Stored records
lemma lookup_monomial_ideal_box:
  assumes "q \<in> ideal_gen n (monomial_gens :: 'a::comm_ring_1 mpoly set)" "in_box a"
  shows "lookup q a = 0" "lookup q (a + exp_xn) = 0"
proof -
  obtain c where q: "q = (\<Sum>g\<in>monomial_gens. c g * g)" using assms(1) unfolding ideal_gen_def by blast
  have "lookup (c g * g) x = 0" if "g \<in> monomial_gens" "x = a \<or> x = a + exp_xn" for g x
  proof -
    have bound: "lookup x i < d i" if "i \<in> {0<..<n}" for i
      using assms(2) that \<open>x = a \<or> x = a + exp_xn\<close> unfolding in_box_def
      by (auto simp: exp_xn_def lookup_add lookup_single)
    have bound_n: "lookup x n < 2"
      using in_box_lookup_n[OF assms(2)] \<open>x = a \<or> x = a + exp_xn\<close> by (auto simp: exp_xn_def lookup_add)
    from that(1) consider i where "i \<in> {0<..<n}" "g = var i ^ d i" | "g = var n ^ 2"
      unfolding monomial_gens_def by blast
    then show ?thesis
    proof cases
      case 1
      show ?thesis unfolding 1(2) mult.commute[of "c _"] lookup_var_power_mult using bound[OF 1(1)] by simp
    next
      case 2
      show ?thesis unfolding 2 mult.commute[of "c _"] lookup_var_power_mult using bound_n by simp
    qed
  qed
  then show "lookup q a = 0" "lookup q (a + exp_xn) = 0"
    unfolding q lookup_sum by simp_all
qed

lemma exponent_cases:
  assumes "keys t \<subseteq> {1..n}"
  obtains "2 \<le> lookup t n"
  | i where "i \<in> {0<..<n}" "d i \<le> lookup t i"
  | "in_box t"
  | a where "in_box a" "t = a + exp_xn"
proof (cases "2 \<le> lookup t n \<or> (\<exists>i\<in>{0<..<n}. d i \<le> lookup t i)")
  case True
  then show ?thesis using that(1,2) by blast
next
  case False
  define a where "a = t - single n (lookup t n)"
  have lookup_a: "lookup a i = (if i = n then 0 else lookup t i)" for i
    by (simp add: a_def lookup_minus lookup_single when_def)
  have "keys a \<subseteq> {0<..<n}"
  proof
    fix i assume "i \<in> keys a"
    then have "i \<noteq> n" "i \<in> keys t" by (auto simp: in_keys_iff lookup_a split: if_splits)
    then show "i \<in> {0<..<n}" using assms by auto
  qed
  then have "in_box a" using False by (auto simp: in_box_def lookup_a)
  moreover have "t = a \<or> t = a + exp_xn"
  proof (cases "lookup t n = 0")
    case True
    then show ?thesis by (auto intro!: poly_mapping_eqI simp: lookup_a)
  next
    case False
    with \<open>\<not> (2 \<le> lookup t n \<or> _)\<close> have "lookup t n = 1" by auto
    then show ?thesis
      by (auto intro!: poly_mapping_eqI simp: lookup_a exp_xn_def lookup_add lookup_single when_def split: if_splits)
  qed
  ultimately show ?thesis using that(3,4) by blast
qed

lemma single_mem_monomial_ideal:
  assumes "keys t \<subseteq> {1..n}" "\<not> in_box t" "\<nexists>a. in_box a \<and> t = a + exp_xn"
  shows "single t c \<in> ideal_gen n (monomial_gens :: 'a::comm_ring_1 mpoly set)"
  using assms(1)
proof (cases rule: exponent_cases)
  case 1
  then obtain k where "t = single n 2 + k" unfolding exists_add_single_iff[symmetric] by blast
  moreover have "single (single n 2) 1 \<in> ideal_gen n (monomial_gens :: 'a mpoly set)"
    using var_n_square_mem by (simp only: var_power)
  ultimately show ?thesis by (rule single_in_ideal_gen[OF assms(1)])
next
  case (2 i)
  then obtain k where "t = single i (d i) + k" unfolding exists_add_single_iff[symmetric] by blast
  moreover have "var i ^ d i \<in> ideal_gen n (monomial_gens :: 'a mpoly set)"
    using 2(1) by (intro ideal_gen_generator[OF finite_monomial_gens]) (simp add: monomial_gens_def)
  then have "single (single i (d i)) 1 \<in> ideal_gen n (monomial_gens :: 'a mpoly set)"
    by (simp only: var_power)
  ultimately show ?thesis by (rule single_in_ideal_gen[OF assms(1)])
next
  case 3
  then show ?thesis using assms(2) by blast
next
  case (4 a)
  then show ?thesis using assms(3) by blast
qed

lemma mem_monomial_ideal_plus_xn_ideal:
  assumes "q \<in> polyR n" "\<And>a. in_box a \<Longrightarrow> lookup q a = 0"
  shows "q \<in> ideal_plus (ideal_gen n monomial_gens) (ideal_gen n {var n :: 'a::comm_ring_1 mpoly})"
proof (subst poly_mapping_sum_single[of q], rule ideal_plus_sum)
  fix t assume "t \<in> keys q"
  then have keys_t: "keys t \<subseteq> {1..n}" and "\<not> in_box t"
    using assms by (auto simp: polyR_def in_keys_iff)
  show "single t (lookup q t) \<in> ideal_plus (ideal_gen n monomial_gens) (ideal_gen n {var n})"
  proof (cases "\<exists>a. in_box a \<and> t = a + exp_xn")
    case True
    then obtain a where "t = exp_xn + a" by (auto simp: add.commute)
    moreover have "single exp_xn 1 \<in> ideal_gen n {var n :: 'a mpoly}"
      using ideal_gen_generator[of "{var n}" "var n" n] by (simp add: var_def exp_xn_def)
    ultimately have "single t (lookup q t) \<in> ideal_gen n {var n}" by (rule single_in_ideal_gen[OF keys_t])
    from ideal_plus_intro[OF ideal_gen_0 this] show ?thesis by simp
  next
    case False
    then have "single t (lookup q t) \<in> ideal_gen n monomial_gens"
      using single_mem_monomial_ideal keys_t \<open>\<not> in_box t\<close> by blast
    from ideal_plus_intro[OF this ideal_gen_0] show ?thesis by simp
  qed
qed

- _Prompt_:
Indicate the number of lines in the data above that contain the string "moreover", without any additional text.

- _Solution for this task_:
4